Ces précédents devraient nous rendre plus prudents, et le rester même face aux « sirènes » qui nous promettent une reddition inconditionnelle face au virus. Il nous faut encore du temps.
La grippe espagnole nous enseigne que la guerre ne se terminera qu'à deux conditions, et pas immédiatement
Les vaccins, le nouveau médicament antiviral Paxlovide et d'autres remèdes mettront presque certainement fin à la pandémie, mais seulement à deux conditions : premièrement, que des milliards de doses soient largement disponibles dans le monde et que le traitement avec des antiviraux soit possible même à domicile. Deuxièmement et évidemment, le virus ne développe pas de résistance.

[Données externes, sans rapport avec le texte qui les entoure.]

(* Let $D\subseteq\mathbb{R}^{p+2}$ be an open set invariant under $(\mathbf{x}_p,r)\mapsto(\mathbf{x}_p,-r)$ and let $f$ be a generalized partial-slice function on $\Omega_D$ induced by a $C^1$ stem function, with $f\in C^1(\Omega_D,\mathbb{A})$. Then on $\Omega_D\setminus\mathbb{R}^{p+1}$: (i) $\Gamma f(\mathbf{x})=(q-1)\,\underline{\mathbf{x}}_q f'_s(\mathbf{x})$; (ii) $(D_{\mathbf{x}}-D_{\underline{\omega}})f(\mathbf{x})=(1-q)f'_s(\mathbf{x})$.
   Context: Let $\mathbb{A}$ be a real alternative algebra (the associator $[a,b,c]=(ab)c-a(bc)$ is an alternating trilinear function) with unity $1$, of finite real dimension $d>1$, equipped with an anti-involution $a\mapsto a^c$ (real linear, $a^c=a$ for real $a$, $(a^c)^c=a$, $(ab)^c=b^ca^c$). Let $t(x)=x+x^c$, $n(x)=xx^c$, $\mathbb{S}_{\mathbb{A}}=\{x: t(x)=0,\ n(x)=1\}$ (assumed nonempty) and $Q_{\mathbb{A}}=\mathbb{R}\cup\{x: t(x)\in\mathbb{R},\ n(x)\in\mathbb{R},\ 4n(x)>t(x)^2\}$. Let $M$ be a real subspace with $\mathbb{R}\subsetneq M\subseteq Q_{\mathbb{A}}$ having a basis $(v_0,\dots,v_m)$, $m\ge1$, $v_0=1$, $v_s\in\mathbb{S}_{\mathbb{A}}$, $v_sv_t=-v_tv_s$ for distinct $s,t\ge1$; complete it to a basis of $\mathbb{A}$ with associated Euclidean norm. Identify $x=\sum x_sv_s\in M$ with $(x_0,\dots,x_m)\in\mathbb{R}^{m+1}$; differentiate componentwise. Fix $p\in\{0,\dots,m-1\}$, $q=m-p$; $\mathbf{x}=\mathbf{x}_p+\underline{\mathbf{x}}_q$ with $\mathbf{x}_p=\sum_{s=0}^px_sv_s\in\mathbb{R}^{p+1}$, $\underline{\mathbf{x}}_q=\sum_{s=p+1}^m x_sv_s$; $\mathbb{S}=\{\sum_{s=p+1}^m x_sv_s:\sum x_s^2=1\}$; $\underline{\mathbf{x}}_q=r\underline{\omega}$, $r=|\underline{\mathbf{x}}_q|$, $\underline{\omega}\in\mathbb{S}$; $\mathbf{x}'=(\mathbf{x}_p,r)$, $\mathbf{x}_\diamond=\mathbf{x}_p-\underline{\mathbf{x}}_q$. $D_{\mathbf{x}_p}f=\sum_{s=0}^p v_s\partial_{x_s}f$, $D_{\mathbf{x}}f=\sum_{s=0}^mv_s\partial_{x_s}f$; for $\mathbf{x}=\mathbf{x}_p+r\underline{\omega}$, $D_{\underline{\omega}}f(\mathbf{x})=(D_{\mathbf{x}_p}+\underline{\omega}\partial_r)f(\mathbf{x}_p+r\underline{\omega})$ (computed on the slice $\mathbb{R}^{p+1}\oplus\underline{\omega}\mathbb{R}$). Spherical Dirac operator: $\Gamma f=-\frac12\sum_{i,j=p+1}^{m}v_i(v_j(L_{ij}f))$ with $L_{ij}=x_i\partial_{x_j}-x_j\partial_{x_i}$. For open $D\subseteq\mathbb{R}^{p+2}$ invariant under $(\mathbf{x}_p,r)\mapsto(\mathbf{x}_p,-r)$, $\Omega_D=\{\mathbf{x}_p+r\underline{\omega}:(\mathbf{x}_p,r)\in D,\ r\ge0,\ \underline{\omega}\in\mathbb{S}\}$. A stem function $(F_1,F_2):D\to\mathbb{A}^2$ has $F_1$ even and $F_2$ odd in $r$, and induces the generalized partial-slice function $f(\mathbf{x}_p+r\underline{\omega})=F_1(\mathbf{x}')+\underline{\omega}F_2(\mathbf{x}')$. Spherical derivative: $f'_s(\mathbf{x})=\frac12\underline{\mathbf{x}}_q^{-1}(f(\mathbf{x})-f(\mathbf{x}_\diamond))$ for $\mathbf{x}\in\Omega_D\setminus\mathbb{R}^{p+1}$. *)

theory Defs
  imports "HOL-Analysis.Analysis"
begin

definition assoc :: "('a::real_vector \<Rightarrow> 'a \<Rightarrow> 'a) \<Rightarrow> 'a \<Rightarrow> 'a \<Rightarrow> 'a \<Rightarrow> 'a" where
  "assoc mul a b c = mul (mul a b) c - mul a (mul b c)"

definition is_real :: "'a::real_vector \<Rightarrow> 'a \<Rightarrow> bool" where
  "is_real one a \<longleftrightarrow> (\<exists>c::real. a = c *\<^sub>R one)"

definition alt_algebra_inv ::
  "('a::real_vector \<Rightarrow> 'a \<Rightarrow> 'a) \<Rightarrow> 'a \<Rightarrow> ('a \<Rightarrow> 'a) \<Rightarrow> bool" where
  "alt_algebra_inv mul one cj \<longleftrightarrow>
     bilinear mul \<and>
     (\<forall>a. mul one a = a \<and> mul a one = a) \<and>
     (\<forall>a b. assoc mul a a b = 0 \<and> assoc mul a b a = 0 \<and> assoc mul b a a = 0) \<and>
     linear cj \<and>
     (\<forall>a. is_real one a \<longrightarrow> cj a = a) \<and>
     (\<forall>a. cj (cj a) = a) \<and>
     (\<forall>a b. cj (mul a b) = mul (cj b) (cj a))"

definition trace :: "('a::real_vector \<Rightarrow> 'a) \<Rightarrow> 'a \<Rightarrow> 'a" where
  "trace cj x = x + cj x"

definition anorm :: "('a::real_vector \<Rightarrow> 'a \<Rightarrow> 'a) \<Rightarrow> ('a \<Rightarrow> 'a) \<Rightarrow> 'a \<Rightarrow> 'a" where
  "anorm mul cj x = mul x (cj x)"

definition SA :: "('a::real_vector \<Rightarrow> 'a \<Rightarrow> 'a) \<Rightarrow> 'a \<Rightarrow> ('a \<Rightarrow> 'a) \<Rightarrow> 'a set" where
  "SA mul one cj = {x. trace cj x = 0 \<and> anorm mul cj x = one}"

definition QA :: "('a::real_vector \<Rightarrow> 'a \<Rightarrow> 'a) \<Rightarrow> 'a \<Rightarrow> ('a \<Rightarrow> 'a) \<Rightarrow> 'a set" where
  "QA mul one cj = {x. is_real one x} \<union>
     {x. \<exists>a b::real. trace cj x = a *\<^sub>R one \<and> anorm mul cj x = b *\<^sub>R one \<and> 4 * b > a\<^sup>2}"

definition ainv :: "('a \<Rightarrow> 'a \<Rightarrow> 'a) \<Rightarrow> 'a \<Rightarrow> 'a \<Rightarrow> 'a" where
  "ainv mul one x = (THE y. mul x y = one \<and> mul y x = one)"

definition pdir :: "('b::real_normed_vector \<Rightarrow> 'c::real_normed_vector) \<Rightarrow> 'b \<Rightarrow> 'b \<Rightarrow> 'c" where
  "pdir g u z = vector_derivative (\<lambda>t. g (z + t *\<^sub>R u)) (at 0)"

definition C1_dirs :: "'b::real_normed_vector set \<Rightarrow> 'b set \<Rightarrow> ('b \<Rightarrow> 'c::real_normed_vector) \<Rightarrow> bool" where
  "C1_dirs U S g \<longleftrightarrow>
     (\<forall>u\<in>U. (\<forall>z\<in>S. (\<lambda>t. g (z + t *\<^sub>R u)) differentiable (at 0)) \<and> continuous_on S (pdir g u))"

La fin ne viendra pas demain.
L'avenir immédiat est toujours entre les mains du virus, tandis que nous continuons à lutter avec un meilleur arsenal (vaccins, masques, ventilation des locaux, antiviraux et lethérapie monoclonale unique qui fonctionne contre Omicron).
Les médias et la politique peuvent aussi avoir (légitimement) intérêt à nous faire abandonner les mesures les plus strictes pour des besoins (également légitimes) de relance économique et d’équilibre social dans son ensemble, sans considérer les milliers de décès supplémentaires comme une simple conséquence statistique.